I recently enjoyed lunch with Dora, another NMO patient. One of the great things about this blog is how it has helped us connect with others who we might not have ever met. When Dora emailed me I was thrilled to learn of another NMO patient living in my community. Especially in Canada, the reach for others living with NMO seems so few and far between.

I met Dora in a busy downtown restaurant over the lunch rush. The first thing I noticed about Dora is how absolutely stunning she is. Dora has impeccable style and the brightest smile. To those passing our table we simply looked like two friends meeting for a meal but instead we both suffer from an invisible disease.

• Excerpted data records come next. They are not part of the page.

lemma diagm_perturbation_anticommutator_nth:
  fixes E F :: "real^'n^'n"
  assumes "\<And>i. q i * p i = 0"
  shows "((diagm p + E) ** (F - diagm q) + (F - diagm q) ** (diagm p + E)) $ i $ j
    = (p i + p j) * F $ i $ j - (q i + q j) * E $ i $ j + (E ** F + F ** E) $ i $ j"
proof -
  have "diagm q ** diagm p = 0" "diagm p ** diagm q = 0"
    unfolding diagm_mult_diagm assms mult.commute[of "p _"] by (simp_all add: diagm_def vec_eq_iff)
  then have expand: "(diagm p + E) ** (F - diagm q) + (F - diagm q) ** (diagm p + E)
      = (diagm p ** F + F ** diagm p) - (E ** diagm q + diagm q ** E) + (E ** F + F ** E)"
    by (simp add: matrix_add_rdistrib matrix_add_ldistrib matrix_diff_ldistrib matrix_diff_rdistrib)
  show ?thesis
    unfolding expand by (simp add: diagm_mult_nth mult_diagm_nth algebra_simps)
qed

(* In the eigenbasis of Z_star, diagm (pos_part lam) + E will be the projection of Z_star + H and
   F - diagm (neg_part lam) its residual.  Using their product in both orders makes the equation for
   every entry solvable by the single formula of Omega_nth. *)
lemma hadamard_Omega_error:
  fixes E F :: "real^'n^'n"
  assumes lam: "\<And>i. lam i \<noteq> 0" and m: "0 < m" "\<And>i. m \<le> \<bar>lam i\<bar>"
    and anticomm: "(diagm (pos_part lam) + E) ** (F - diagm (neg_part lam))
      + (F - diagm (neg_part lam)) ** (diagm (pos_part lam) + E) = 0"
  shows "norm (E - hadamard (Omega lam) (E + F)) \<le> norm E * norm F / m"
proof -
  define T where "T = E ** F + F ** E"
  have "norm (E - hadamard (Omega lam) (E + F)) \<le> norm ((1 / (2 * m)) *\<^sub>R T)"
  proof (rule norm_le_norm_entrywise)
    fix i j
    let ?c = "\<bar>lam i\<bar> + \<bar>lam j\<bar>"
    have c: "2 * m \<le> ?c"
      using m(2)[of i] m(2)[of j] by linarith
    have "(pos_part lam i + pos_part lam j) * F $ i $ j - (neg_part lam i + neg_part lam j) * E $ i $ j
        + T $ i $ j = 0"
      using arg_cong[OF anticomm, of "\<lambda>M. M $ i $ j"]
      by (simp only: diagm_perturbation_anticommutator_nth neg_part_mult_pos_part T_def) simp
    then have entry: "?c * E $ i $ j - (pos_part lam i + pos_part lam j) * (E + F) $ i $ j = T $ i $ j"
      by (simp add: pos_part_add_neg_part[symmetric] algebra_simps)
    have "(E - hadamard (Omega lam) (E + F)) $ i $ j
        = (?c * E $ i $ j - (pos_part lam i + pos_part lam j) * (E + F) $ i $ j) / ?c"
      using c m(1) by (simp add: hadamard_def Omega_nth lam field_simps)
    also have "\<dots> = T $ i $ j / ?c"
      by (simp only: entry)
    also have "\<bar>\<dots>\<bar> \<le> \<bar>T $ i $ j\<bar> / (2 * m)"
      using c m(1) by (simp add: abs_divide divide_left_mono)
    finally show "\<bar>(E - hadamard (Omega lam) (E + F)) $ i $ j\<bar> \<le> \<bar>((1 / (2 * m)) *\<^sub>R T) $ i $ j\<bar>"
      using m(1) by (simp add: abs_mult)
  qed
  also have "\<dots> = norm T / (2 * m)"
    using m(1) by simp
  also have "\<dots> \<le> (norm E * norm F + norm F * norm E) / (2 * m)"
    using m(1) norm_triangle_le[OF add_mono[OF norm_matrix_mult_le[of E F] norm_matrix_mult_le[of F E]]]
    by (intro divide_right_mono) (simp_all add: T_def)
  finally show ?thesis
    using m(1) by (simp add: mult.commute)
qed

Like other women our age, Dora focuses on moving forward in her life. She has a thriving career as a pharmacist and enjoys working with her diverse clients. She hopes to one day marry her long time boyfriend who works as an entrepreneur. And together they have been working with a surrogate to grow their family. But what makes Dora unique (and makes me feel less alone in this disease) is how she’s learnt to deal with NMO. Dora is visually impaired in one eye and has had multiple attacks over several years. Our conversation quickly turned into how we manage NMO. We both expressed how support from our families was monumental in our healing, our difficulties with the universal medical system, and of course, our mutual disgust for the weight gain that comes with the steroids.

What I took away from lunch was another friend, someone else who understands what it’s like but most importantly, Dora taught me the art of “it’s not really a big deal”. Like I mentioned, you’d never know looking at us that we have NMO but somehow Dora seems more put together. After lunch she had to run an errand before a 3pm work meeting on a Friday afternoon. That’s just life. That’s just another day. That’s not really a big deal.

But it is Dora because we have NMO.

It was a pleasure meeting you Dora. I look forward to us continuing our friendship.